• Brief
For the entries below, repeat exactly each line starting with the one that contains "(size Q) (ws" and going on through the one that contains "qed (use assms", and no others.

• Supplied information
lemma Zm_in_DR0: "Zm \<in> DR0"
proof -
  have "(real i > real j powr 2 \<longrightarrow> Zm i j = 0) \<and> norm (Zm i j) \<le> real j powr 2"
    if "i \<ge> 1" "j \<ge> 1" for i j
  proof -
    have pw: "real j powr 2 = real j ^ 2" using that by (simp add: powr_realpow)
    have "real j \<le> real j ^ 2" using that by (simp add: power2_eq_square)
    then have "real i > real j powr 2 \<Longrightarrow> Zm i j = 0"
      using unitriangular_Zm that pw by (simp add: unitriangular_def)
    then show ?thesis using Zm_entry_bound[OF that] pw by simp
  qed
  then have "\<exists>C c :: real. C > 0 \<and> c > 0 \<and> (\<forall>i\<ge>1. \<forall>j\<ge>1.
      (real i > C * real j powr c \<longrightarrow> Zm i j = 0) \<and> norm (Zm i j) \<le> C * real j powr c)"
    by (intro exI[of _ 1] exI[of _ 2]) simp
  then show ?thesis
    unfolding DR0_def using unitriangular_col_finite[OF unitriangular_Zm] by blast
qed

lemma conj_to_J_unique:
  assumes A: "col_finite A" and odd_rows: "\<forall>i\<ge>1. \<forall>j\<ge>1. odd i \<longrightarrow> A i j = (if i = j then 1 else 0)"
    and "conj_to_J A"
  shows "meq A Zm"
proof (rule meq_if_odd_rows_and_doubling)
  show "A i j = Zm i j" if "odd i" "j \<ge> 1" for i j
    using that odd_rows Zm_odd_row by (simp add: odd_pos Suc_leI)
  show "A (2 * i) j = (A **\<^sub>M proper_Dm) i j" if "i \<ge> 1" "j \<ge> 1" for i j
    using that conj_to_J_imp_intertwines[OF A \<open>conj_to_J A\<close>] intertwines_iff_doubling[OF A] by blast
  show "Zm (2 * i) j = (Zm **\<^sub>M proper_Dm) i j" if "i \<ge> 1" "j \<ge> 1" for i j
    using that by (rule Zm_doubling)
qed

theorem lemma4p4:
  shows "(\<forall>i\<ge>1. \<forall>j\<ge>1. odd i \<longrightarrow> Zm i j = (if i = j then 1 else 0))
    \<and> (\<forall>d k j. odd d \<longrightarrow> k \<ge> 1 \<longrightarrow> j \<ge> 1 \<longrightarrow>
          Zm (d * 2 ^ k) j = (if d dvd j then of_nat (alpha k (j div d)) else 0))
    \<and> (\<forall>i\<ge>1. \<forall>j\<ge>1. \<forall>m. odd m \<longrightarrow> Zm (i * m) (j * m) = Zm i j)
    \<and> (\<forall>i\<ge>1. \<forall>j\<ge>1. (i > j \<longrightarrow> Zm i j = 0) \<and> (i = j \<longrightarrow> Zm i j = 1))
    \<and> conj_to_J Zm
    \<and> Zm \<in> DR0
    \<and> (\<forall>A. col_finite A
          \<longrightarrow> (\<forall>i\<ge>1. \<forall>j\<ge>1. odd i \<longrightarrow> A i j = (if i = j then 1 else 0))
          \<longrightarrow> conj_to_J A
          \<longrightarrow> meq A Zm)"
  using Zm_odd_row Zm_eq_alpha Zm_mult_odd unitriangular_Zm conj_to_J_Zm Zm_in_DR0 conj_to_J_unique
  by (auto simp: unitriangular_def)

end
text \<open>Quantifying over all F makes this inductive: taking an end element y of the list out of Q
  replaces F by \<^term>\<open>\<lambda>Q. F (add_mset y Q)\<close>.\<close>
definition candidates_dominate :: "real list \<Rightarrow> bool" where
  "candidates_dominate ys \<longleftrightarrow>
     (\<forall>(F :: real multiset \<Rightarrow> real) Q. elementwise_quasiconvex F \<longrightarrow> Q \<subseteq># mset ys \<longrightarrow>
        (\<exists>i \<le> size Q. F Q \<le> F (mset (cand i (size Q) ys))))"

lemma candidates_dominateD:
  fixes F :: "real multiset \<Rightarrow> real"
  shows "candidates_dominate ys \<Longrightarrow> elementwise_quasiconvex F \<Longrightarrow> Q \<subseteq># mset ys \<Longrightarrow>
    \<exists>i \<le> size Q. F Q \<le> F (mset (cand i (size Q) ys))"
  unfolding candidates_dominate_def by blast

lemma candidates_dominate_Cons:
  fixes F :: "real multiset \<Rightarrow> real"
  assumes "candidates_dominate zs" "elementwise_quasiconvex F" "Q \<subseteq># mset (y # zs)" "y \<in># Q"
  shows "\<exists>i \<le> size Q. F Q \<le> F (mset (cand i (size Q) (y # zs)))"
proof -
  obtain R where Q: "Q = add_mset y R"
    using \<open>y \<in># Q\<close> by (blast dest: multi_member_split)
  have R: "R \<subseteq># mset zs"
    using assms(3) by (simp add: Q)
  obtain i where "i \<le> size R" "F (add_mset y R) \<le> F (add_mset y (mset (cand i (size R) zs)))"
    using candidates_dominateD[OF assms(1) elementwise_quasiconvex_add_mset[OF assms(2)] R] by auto
  moreover have "size R \<le> length zs"
    using size_mset_mono[OF R] by simp
  ultimately show ?thesis
    by (intro exI[of _ "Suc i"]) (simp add: Q cand_Cons)
qed

lemma candidates_dominate_snoc:
  fixes F :: "real multiset \<Rightarrow> real"
  assumes "candidates_dominate ws" "elementwise_quasiconvex F" "Q \<subseteq># mset (ws @ [z])" "z \<in># Q"
  shows "\<exists>i \<le> size Q. F Q \<le> F (mset (cand i (size Q) (ws @ [z])))"
proof -
  obtain R where Q: "Q = add_mset z R"
    using \<open>z \<in># Q\<close> by (blast dest: multi_member_split)
  have R: "R \<subseteq># mset ws"
    using assms(3) by (simp add: Q)
  obtain i where "i \<le> size R" "F (add_mset z R) \<le> F (add_mset z (mset (cand i (size R) ws)))"
    using candidates_dominateD[OF assms(1) elementwise_quasiconvex_add_mset[OF assms(2)] R] by auto
  moreover have "size R \<le> length ws"
    using size_mset_mono[OF R] by simp
  ultimately show ?thesis
    by (intro exI[of _ i]) (simp add: Q cand_snoc)
qed
lemma rat_affine_closed_mem_iff:
  assumes "rat_affine_closed X" "r \<in> \<rat>" "q \<in> \<rat>" "r \<noteq> 0"
  shows "r * x + q \<in> X \<longleftrightarrow> x \<in> X"
proof
  assume "r * x + q \<in> X"
  moreover have "inverse r \<in> \<rat>" "- q / r \<in> \<rat>" "inverse r \<noteq> 0" using assms by simp_all
  ultimately have "inverse r * (r * x + q) + (- q / r) \<in> X"
    using assms(1) unfolding rat_affine_closed_def by blast
  then show "x \<in> X" using \<open>r \<noteq> 0\<close> by (simp add: field_simps)
qed (use assms in \<open>simp add: rat_affine_closed_def\<close>)

definition piecewise_linear :: "(int \<Rightarrow> real) \<Rightarrow> real \<Rightarrow> real" where
  "piecewise_linear C x = C \<lfloor>x\<rfloor> + frac x * (C (\<lfloor>x\<rfloor> + 1) - C \<lfloor>x\<rfloor>)"

context
  fixes C :: "int \<Rightarrow> real"
  assumes step: "\<And>i. C i < C (i + 1)"
begin

lemma piecewise_linear_bounds:
  "C \<lfloor>x\<rfloor> \<le> piecewise_linear C x \<and> piecewise_linear C x < C (\<lfloor>x\<rfloor> + 1)"
proof -
  define d where "d = C (\<lfloor>x\<rfloor> + 1) - C \<lfloor>x\<rfloor>"
  have "0 < d" using step[of "\<lfloor>x\<rfloor>"] unfolding d_def by simp
  then have "0 \<le> frac x * d" "frac x * d < d"
    using frac_ge_0[of x] frac_lt_1[of x] by simp_all
  then show ?thesis unfolding piecewise_linear_def d_def[symmetric] by (simp add: d_def)
qed

lemma strict_mono_piecewise_linear: "strict_mono (piecewise_linear C)"
proof
  fix x y :: real assume "x < y"
  show "piecewise_linear C x < piecewise_linear C y"
  proof (cases "\<lfloor>x\<rfloor> = \<lfloor>y\<rfloor>")
    case True
    then have "frac x < frac y" using \<open>x < y\<close> by (simp add: frac_def)
    then show ?thesis
      using True step[of "\<lfloor>x\<rfloor>"] unfolding piecewise_linear_def by simp
  next
    case False
    then have "\<lfloor>x\<rfloor> + 1 \<le> \<lfloor>y\<rfloor>" using floor_mono[of x y] \<open>x < y\<close> by linarith
    then have "C (\<lfloor>x\<rfloor> + 1) \<le> C \<lfloor>y\<rfloor>"
      using strict_mono_less_eq[OF strict_mono_int_step[of C, OF step]] by blast
    then show ?thesis using piecewise_linear_bounds[of x] piecewise_linear_bounds[of y] by linarith
  qed
qed

lemma piecewise_linear_surj:
  assumes "C i \<le> y" "y < C (i + 1)"
  shows "y \<in> range (piecewise_linear C)"
proof -
  define s where "s = (y - C i) / (C (i + 1) - C i)"
  have "0 \<le> s" "s < 1" using assms step[of i] unfolding s_def by (simp_all add: divide_less_eq)
  then have "\<lfloor>of_int i + s\<rfloor> = i" "frac (of_int i + s) = s" by (simp_all add: floor_unique frac_def)
  then have "piecewise_linear C (of_int i + s) = y"
    unfolding piecewise_linear_def s_def using step[of i] by simp
  then show ?thesis by (metis rangeI)
qed

lemma piecewise_linear_mem_iff:
  assumes "rat_affine_closed X" "\<And>i. C i \<in> \<rat>"
  shows "piecewise_linear C x \<in> X \<longleftrightarrow> x \<in> X"
proof -
  define n where "n = \<lfloor>x\<rfloor>"
  define d where "d = C (n + 1) - C n"
  have "piecewise_linear C x = d * x + (C n - of_int n * d)"
    unfolding piecewise_linear_def frac_def d_def n_def by (simp add: algebra_simps)
  moreover have "d \<in> \<rat>" "C n - of_int n * d \<in> \<rat>" "d \<noteq> 0"
    using assms(2) step[of n] unfolding d_def by auto
  ultimately show ?thesis using rat_affine_closed_mem_iff[OF assms(1)] by simp
qed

• Exercise answer
  shows "\<exists>i \<le> size Q. F Q \<le> F (mset (cand i (size Q) (ws @ [z])))"
proof -
  obtain R where Q: "Q = add_mset z R"
    using \<open>z \<in># Q\<close> by (blast dest: multi_member_split)
  have R: "R \<subseteq># mset ws"
    using assms(3) by (simp add: Q)
  obtain i where "i \<le> size R" "F (add_mset z R) \<le> F (add_mset z (mset (cand i (size R) ws)))"
    using candidates_dominateD[OF assms(1) elementwise_quasiconvex_add_mset[OF assms(2)] R] by auto
  moreover have "size R \<le> length ws"
    using size_mset_mono[OF R] by simp
  ultimately show ?thesis
    by (intro exI[of _ i]) (simp add: Q cand_snoc)
qed
lemma rat_affine_closed_mem_iff:
  assumes "rat_affine_closed X" "r \<in> \<rat>" "q \<in> \<rat>" "r \<noteq> 0"
  shows "r * x + q \<in> X \<longleftrightarrow> x \<in> X"
proof
  assume "r * x + q \<in> X"
  moreover have "inverse r \<in> \<rat>" "- q / r \<in> \<rat>" "inverse r \<noteq> 0" using assms by simp_all
  ultimately have "inverse r * (r * x + q) + (- q / r) \<in> X"
    using assms(1) unfolding rat_affine_closed_def by blast
  then show "x \<in> X" using \<open>r \<noteq> 0\<close> by (simp add: field_simps)
qed (use assms in \<open>simp add: rat_affine_closed_def\<close>)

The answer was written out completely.